The last thing that needs to be specified is where, and at what scale, we want to do the analysis. In this case you want to do the analysis over all cytobands, with both a global result, in addition to a local result for each cytoband.
  • Select "Cytobands", and leave the default "*" in the textbox. Here you could have narrowed the scale down to individually specified cytobands
Things are now in place to run the analysis.
  • Click the information button at the bottom of the screen (the run description)
A summary of your selected options appear. Make a habit of checking this output to make sure that everything is set the way you intended.
  • Click "Start analysis" to run the analysis
A "Perform analysis" element turns up in the history panel. It is initially gray while in queue, then, as the analysis starts, it turns yellow and, finally, it turns green as the analysis is finished.
  • Click the eye symbol of the history element
The global result is displayed in the middle panel. According to CCDS, 25.97% of the human genome is covered by genes. The "assembly gap coverage" score is the proportion of base pairs that has not been sequenced in the genome assembly used. Most assembly gaps are centromeres or other heterochromatic regions. Here, you can see that a little mor than 7% of the genome has not been sequenced.
  • Click the link "html" in the "Table: values per bin" column
The table presenting local results is shown, with the base pair coverage of genes for each cytoband. The table can be sorted by clicking the header of the column to sort on. Also notice that in some cytobands, the "assembly gap coverage" is 1, or 100%. These are typically centromeric regions.

Part 2

In this part of the tutorial, we are interested in answering the question: How do two different gene definition compare in terms of genome coverage?

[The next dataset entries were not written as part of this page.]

(* With a = sqrt (2 kappa) / sigma and the moments M q s = integral over t > 0 of
   t^(q-1) exp (s t - t^2/2), one has psi^(k) x = a^k M (rho/kappa + k) (a (x - mu)) / Gamma (rho/kappa).
   Hence all derivatives of psi are positive and strictly log-convex (Q_k > 0, by Cauchy-Schwarz
   for the moments), and integration by parts, M (q+2) = s M (q+1) + q M q, is the ODE of psi
   differentiated k times.  At a zero of H one has (rho+kappa)(c - R) = - psi / psi', which turns D
   into psi psi'' Q_0 / psi' > 0 and N - D into 2 Q_0 ((rho+kappa) psi'^2 - rho psi psi'') / (rho psi');
   by the ODE the last bracket is sigma^2/2 * Q_1 > 0, so G = beta N / D > beta. *)

lemma integral_pos_AE:
  fixes f :: "'a \<Rightarrow> real"
  assumes f: "integrable M f" and nonneg: "AE x in M. 0 \<le> f x"
    and A: "A \<in> sets M" "emeasure M A \<noteq> 0" and pos: "AE x in M. x \<in> A \<longrightarrow> 0 < f x"
  shows "0 < integral\<^sup>L M f"
proof -
  have "integral\<^sup>L M f \<noteq> 0"
  proof
    assume "integral\<^sup>L M f = 0"
    then have "AE x in M. f x = 0"
      using integral_nonneg_eq_0_iff_AE[OF f nonneg] by simp
    with pos have "AE x in M. x \<notin> A"
      by eventually_elim auto
    with A sets.sets_into_space[OF A(1)] show False
      by (subst (asm) AE_iff_measurable[OF A(1)]) auto
  qed
  moreover have "0 \<le> integral\<^sup>L M f"
    using nonneg by (rule integral_nonneg_AE)
  ultimately show ?thesis by simp
qed

lemma has_real_derivative_integral_dominated:
  fixes f :: "real \<Rightarrow> 'a \<Rightarrow> real"
  assumes int: "\<And>s. integrable M (f s)" and meas': "f' \<in> borel_measurable M"
    and g: "integrable M g"
    and deriv: "AE t in M. ((\<lambda>s. f s t) has_real_derivative f' t) (at x)"
    and bound: "\<forall>\<^sub>F s in at x. AE t in M. \<bar>f s t - f x t\<bar> \<le> \<bar>s - x\<bar> * g t"
  shows "((\<lambda>s. integral\<^sup>L M (f s)) has_real_derivative integral\<^sup>L M f') (at x)"
  unfolding has_field_derivative_iff tendsto_at_iff_sequentially comp_def
proof (intro allI impI)
  fix X :: "nat \<Rightarrow> real"
  assume X: "\<forall>i. X i \<in> UNIV - {x}" and lim: "X \<longlonglongrightarrow> x"
  have "filterlim X (at x) sequentially"
    using X lim by (auto simp: filterlim_at eventually_sequentially)
  from filterlim_iff[THEN iffD1, OF this, rule_format, OF bound]
  obtain N where N: "\<And>n. N \<le> n \<Longrightarrow> AE t in M. \<bar>f (X n) t - f x t\<bar> \<le> \<bar>X n - x\<bar> * g t"
    by (auto simp: eventually_sequentially)
  let ?q = "\<lambda>n t. (f (X n) t - f x t) / (X n - x)"
  have quotient: "(integral\<^sup>L M (f (X n)) - integral\<^sup>L M (f x)) / (X n - x) = integral\<^sup>L M (?q n)" for n
    using int by simp
  have "(\<lambda>n. integral\<^sup>L M (?q (n + N))) \<longlonglongrightarrow> integral\<^sup>L M f'"
  proof (rule integral_dominated_convergence[OF meas' _ g])
    show "?q (n + N) \<in> borel_measurable M" for n
      using int by (intro borel_measurable_divide borel_measurable_diff) auto
    show "AE t in M. (\<lambda>n. ?q (n + N) t) \<longlonglongrightarrow> f' t"
      using deriv
    proof eventually_elim
      case (elim t)
      then have "((\<lambda>s. (f s t - f x t) / (s - x)) \<longlongrightarrow> f' t) (at x)"
        by (simp add: has_field_derivative_iff)
      then have "(\<lambda>n. ?q n t) \<longlonglongrightarrow> f' t"
        using X lim unfolding tendsto_at_iff_sequentially by (auto simp: comp_def)
      then show ?case
        by (rule LIMSEQ_ignore_initial_segment)
    qed
    show "AE t in M. norm (?q (n + N) t) \<le> g t" for n
    proof -
      have "AE t in M. \<bar>f (X (n + N)) t - f x t\<bar> \<le> \<bar>X (n + N) - x\<bar> * g t"
        by (rule N) simp
      then show ?thesis
      proof eventually_elim
        case (elim t)
        moreover have "X (n + N) - x \<noteq> 0" using X by auto
        ultimately show ?case
          by (simp add: abs_divide divide_le_eq mult.commute)
      qed
    qed
  qed
  then show "(\<lambda>n. (integral\<^sup>L M (f (X n)) - integral\<^sup>L M (f x)) / (X n - x)) \<longlonglongrightarrow> integral\<^sup>L M f'"
    unfolding quotient by (rule LIMSEQ_offset)
qed

definition gauss_kernel :: "real \<Rightarrow> real \<Rightarrow> real \<Rightarrow> real" where
  "gauss_kernel q s t = indicator {0<..} t * t powr (q - 1) * exp (s * t - t\<^sup>2 / 2)"

definition gauss_moment :: "real \<Rightarrow> real \<Rightarrow> real" where
  "gauss_moment q s = integral\<^sup>L lborel (gauss_kernel q s)"

lemma gauss_kernel_measurable [measurable]: "gauss_kernel q s \<in> borel_measurable borel"
  unfolding gauss_kernel_def by measurable

lemma gauss_kernel_nonneg: "0 \<le> gauss_kernel q s t"
  by (simp add: gauss_kernel_def indicator_def)

lemma gauss_kernel_pos: "0 < t \<Longrightarrow> 0 < gauss_kernel q s t"
  by (simp add: gauss_kernel_def)

lemma gauss_kernel_plus_one: "t * gauss_kernel q s t = gauss_kernel (q + 1) s t"
proof (cases "0 < t")
  case True
  then have "t * t powr (q - 1) = t powr q"
    using powr_mult_base[of t "q - 1"] by simp
  then show ?thesis
    by (simp add: gauss_kernel_def mult_ac)
qed (simp add: gauss_kernel_def)

lemma gauss_kernel_le_Gamma_density:
  "gauss_kernel q s t \<le> exp ((s + 1)\<^sup>2 / 2) * (indicator {0..} t * t powr (q - 1) / exp t)"
proof (cases "0 < t")
  case True
  have "s * t - t\<^sup>2 / 2 \<le> (s + 1)\<^sup>2 / 2 - t"
    using zero_le_power2[of "t - (s + 1)"] by (simp add: power2_eq_square algebra_simps)
  then have "exp (s * t - t\<^sup>2 / 2) \<le> exp ((s + 1)\<^sup>2 / 2) / exp t"
    unfolding exp_diff[of "(s + 1)\<^sup>2 / 2" t, symmetric] by (simp only: exp_le_cancel_iff)
  then have "t powr (q - 1) * exp (s * t - t\<^sup>2 / 2) \<le> t powr (q - 1) * (exp ((s + 1)\<^sup>2 / 2) / exp t)"
    by (rule mult_left_mono) simp
  with True show ?thesis
    by (simp add: gauss_kernel_def field_simps)
qed (simp add: gauss_kernel_def)

lemma integrable_gauss_kernel:
  assumes "0 < q"
  shows "integrable lborel (gauss_kernel q s)"
proof (rule Bochner_Integration.integrable_bound)
  have "integrable lborel (\<lambda>t. indicator {0..} t * t powr (q - 1) / exp t)"
  proof (rule integrableI_nonneg)
    show "AE t in lborel. 0 \<le> indicator {0..} t * t powr (q - 1) / exp t"
      by (simp add: indicator_def)
    show "(\<integral>\<^sup>+ t. ennreal (indicator {0..} t * t powr (q - 1) / exp t) \<partial>lborel) < \<infinity>"
      unfolding Gamma_conv_nn_integral_real[OF assms, symmetric] by simp
  qed simp
  then show "integrable lborel (\<lambda>t. exp ((s + 1)\<^sup>2 / 2) * (indicator {0..} t * t powr (q - 1) / exp t))"
    by (rule integrable_mult_right)
  show "AE t in lborel. norm (gauss_kernel q s t)
      \<le> norm (exp ((s + 1)\<^sup>2 / 2) * (indicator {0..} t * t powr (q - 1) / exp t))"
    using gauss_kernel_le_Gamma_density[of q s] gauss_kernel_nonneg[of q s] by (simp add: abs_of_nonneg)
qed simp

lemma abs_exp_diff_le: "\<bar>exp u - exp v\<bar> \<le> \<bar>u - v\<bar> * exp (max u v :: real)"
proof -
  have *: "exp x - exp y \<le> (x - y) * exp x" if "y \<le> x" for x y :: real
  proof -
    have "exp x * (1 + (y - x)) \<le> exp x * exp (y - x)"
      using exp_ge_add_one_self[of "y - x"] by (intro mult_left_mono) auto
    then show ?thesis
      by (simp add: exp_diff algebra_simps)
  qed
  show ?thesis
    using *[of v u] *[of u v] by (cases "v \<le> u") (auto simp: max_def abs_minus_commute)
qed

lemma gauss_kernel_lipschitz:
  assumes "\<bar>s' - s\<bar> \<le> 1"
  shows "\<bar>gauss_kernel q s' t - gauss_kernel q s t\<bar> \<le> \<bar>s' - s\<bar> * gauss_kernel (q + 1) (\<bar>s\<bar> + 1) t"
proof (cases "0 < t")
  case True
  let ?a = "s' * t - t\<^sup>2 / 2" and ?b = "s * t - t\<^sup>2 / 2" and ?c = "(\<bar>s\<bar> + 1) * t - t\<^sup>2 / 2"
  have "s' * t \<le> (\<bar>s\<bar> + 1) * t" "s * t \<le> (\<bar>s\<bar> + 1) * t"
    using True assms by (intro mult_right_mono; linarith)+
  then have "exp (max ?a ?b) \<le> exp ?c"
    by simp
  then have "\<bar>s' - s\<bar> * t * exp (max ?a ?b) \<le> \<bar>s' - s\<bar> * t * exp ?c"
    using True by (intro mult_left_mono) auto
  moreover have "\<bar>?a - ?b\<bar> = \<bar>s' - s\<bar> * t"
    using True by (simp add: abs_mult left_diff_distrib[symmetric])
  ultimately have exp_bound: "\<bar>exp ?a - exp ?b\<bar> \<le> \<bar>s' - s\<bar> * t * exp ?c"
    using abs_exp_diff_le[of ?a ?b] by simp
  have "\<bar>gauss_kernel q s' t - gauss_kernel q s t\<bar> = t powr (q - 1) * \<bar>exp ?a - exp ?b\<bar>"
    using True by (simp add: gauss_kernel_def abs_mult right_diff_distrib[symmetric])
  also have "\<dots> \<le> t powr (q - 1) * (\<bar>s' - s\<bar> * t * exp ?c)"
    using exp_bound by (rule mult_left_mono) simp
  also have "\<dots> = \<bar>s' - s\<bar> * ((t * t powr (q - 1)) * exp ?c)"
    by (simp only: mult_ac)
  also have "t * t powr (q - 1) = t powr q"
    using True powr_mult_base[of t "q - 1"] by simp
  also have "\<bar>s' - s\<bar> * (t powr q * exp ?c) = \<bar>s' - s\<bar> * gauss_kernel (q + 1) (\<bar>s\<bar> + 1) t"
    using True by (simp add: gauss_kernel_def)
  finally show ?thesis .
qed (simp add: gauss_kernel_def)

  • Select "The Genomic HyperBrowser" and "Perform analysis" again
  • Make sure "Human Mar. 2006 (hg18/NCBI36)" is selected as the genome build
  • As the first track, select "Genes and gene subsets", "Genes" and "CCDS"
  • As the second track, select the same subdirectory as above, but now choose the "Refseq" gene definition
  • Select "Descriptive statistics" and "Bp coverage"
  • Leave the formats of the tracks as the default "Original format ('Unmarked segments')"
  • In the Region and scale box, select "Cytobands" and leave the default "*" in the textbox
  • Click "Start analysis"
  • Click the eye symbol of the new history element
In the global results, you can find the number of base pairs covered by only one of the gene definitions, by both definitions, and by no genes of any definition. You can also find the corresponding proportions of the genome. Notice that almost 26% percent of the genome is covered by both definition and that the Refseq definition by it own adds another 9%. The proportion of the genome covered by only CCDS is very small. It thus looks like the CCDS genes is something of a subset of the Refseq genes.
  • Click "html" under "Table: values per bin", for the local results
A table of the same statistics appear with the values calculated for each cytoband.